··· Given information
(* Let $M, K, P, N$ be positive integers with $M \le K \le P$ and such that $P$ divides $N$. Let $\mathbf{A} = [\mathbf{a}_1, \ldots, \mathbf{a}_M]^T \in \mathbb{R}^{M \times N}$ be any matrix, and let $\mathbf{B} \in \mathbb{R}^{P \times K}$ be a matrix such that every square sub-matrix of $\mathbf{B}$ is invertible. For vectors $\mathbf{z}_1, \ldots, \mathbf{z}_{K-M} \in \mathbb{R}^N$, let $\tilde{\mathbf{A}} = [\mathbf{a}_1, \ldots, \mathbf{a}_M, \mathbf{z}_1, \ldots, \mathbf{z}_{K-M}]^T \in \mathbb{R}^{K \times N}$ be the matrix obtained by appending the rows $\mathbf{z}_1^T, \ldots, \mathbf{z}_{K-M}^T$ to $\mathbf{A}$. Then there exists a choice of $\mathbf{z}_1, \ldots, \mathbf{z}_{K-M}$ such that every row of $\mathbf{F} = \mathbf{B}\tilde{\mathbf{A}}$ has sparsity at most $s = \frac{N}{P}(P-K+M)$.
   Context: The sparsity of a vector is its number of nonzero entries. A square sub-matrix of $\mathbf{B}$ is a matrix obtained by selecting some set of $r$ rows and some set of $r$ columns of $\mathbf{B}$ (for any $r \ge 1$). *)

theory Defs
  imports "Jordan_Normal_Form.Matrix" "Jordan_Normal_Form.DL_Submatrix"
begin

definition sparsity :: "'a :: zero vec \<Rightarrow> nat" where
  "sparsity v = card {i. i < dim_vec v \<and> v $ i \<noteq> 0}"

definition all_square_submatrices_invertible :: "'a :: comm_ring_1 mat \<Rightarrow> bool" where
  "all_square_submatrices_invertible B \<longleftrightarrow>
     (\<forall>R C. R \<subseteq> {..<dim_row B} \<longrightarrow> C \<subseteq> {..<dim_col B} \<longrightarrow>
        card R = card C \<longrightarrow> card R \<ge> 1 \<longrightarrow> invertible_mat (submatrix B R C))"

end

theory Submission
  imports Defs
begin

text \<open>
  Split B into its first M columns B1 and its last K - M columns B2, so that column j of
  B * (A @r Z) equals B1 a_j + B2 z_j. Every (K - M)-row square submatrix of B2 is invertible,
  hence z_j can be chosen to make column j vanish on any prescribed set of K - M rows. Prescribing
  for column j the cyclic window of rows i with (i + j) mod P < K - M, every row lies in the
  window of exactly (N/P)(K - M) of the N columns, so it has at most (N/P)(P - K + M)
  nonzero entries.
\<close>

lemma pick_atLeastLessThan:
  assumes "c < n - m"
  shows "pick {m..<n} c = m + c"
proof -
  have "{a \<in> {m..<n}. a < m + c} = {m..<m + c}" using assms by auto
  then have "card {a \<in> {m..<n}. a < m + c} = c" by simp
  moreover have "m + c \<in> {m..<n}" using assms by auto
  ultimately show ?thesis using pick_card_in_set[of "m + c" "{m..<n}"] by simp
qed

lemma submatrix_cols_atLeastLessThan:
  fixes B :: "'a mat"
  assumes "n \<le> dim_col B"
  shows "submatrix B UNIV {m..<n} \<in> carrier_mat (dim_row B) (n - m)"
    and "i < dim_row B \<Longrightarrow> c < n - m \<Longrightarrow> submatrix B UNIV {m..<n} $$ (i, c) = B $$ (i, m + c)"
proof -
  have "{j. j < dim_col B \<and> j \<in> {m..<n}} = {m..<n}" using assms by auto
  then have cols: "card {j. j < dim_col B \<and> j \<in> {m..<n}} = n - m" by simp
  have rows: "card {i. i < dim_row B \<and> i \<in> UNIV} = dim_row B" by simp
  show "submatrix B UNIV {m..<n} \<in> carrier_mat (dim_row B) (n - m)"
    by (rule carrier_matI) (simp_all only: dim_submatrix cols rows)
  show "submatrix B UNIV {m..<n} $$ (i, c) = B $$ (i, m + c)" if "i < dim_row B" "c < n - m"
    using submatrix_index[of i B UNIV c "{m..<n}"] that
    by (simp only: cols rows pick_UNIV pick_atLeastLessThan)
qed

lemma invertible_mat_carrier_0:
  assumes "A \<in> carrier_mat 0 0"
  shows "invertible_mat A"
proof -
  have "A * A = 1\<^sub>m (dim_row A)"
    by (rule eq_matI) (use assms in simp_all)
  then show ?thesis unfolding invertible_mat_def inverts_mat_def using assms by auto
qed

text \<open>The definition only covers r \<ge> 1; the empty case is needed when no rows are appended.\<close>

lemma all_square_submatrices_invertibleD:
  assumes "all_square_submatrices_invertible B"
    and "R \<subseteq> {..<dim_row B}" "C \<subseteq> {..<dim_col B}" "card R = card C"
  shows "invertible_mat (submatrix B R C)"
proof (cases "card R = 0")
  case True
  moreover have "finite R" "finite C"
    using assms(2,3) finite_subset[OF _ finite_lessThan] by blast+
  ultimately have "R = {}" "C = {}" using assms(4) by simp_all
  then have "submatrix B R C \<in> carrier_mat 0 0" by (intro carrier_matI) (simp_all add: dim_submatrix)
  then show ?thesis by (rule invertible_mat_carrier_0)
next
  case False
  with assms show ?thesis unfolding all_square_submatrices_invertible_def by auto
qed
······
Give the number of lines in the listing above where the word "subseteq" appears, and nothing else.

#### Written reply
2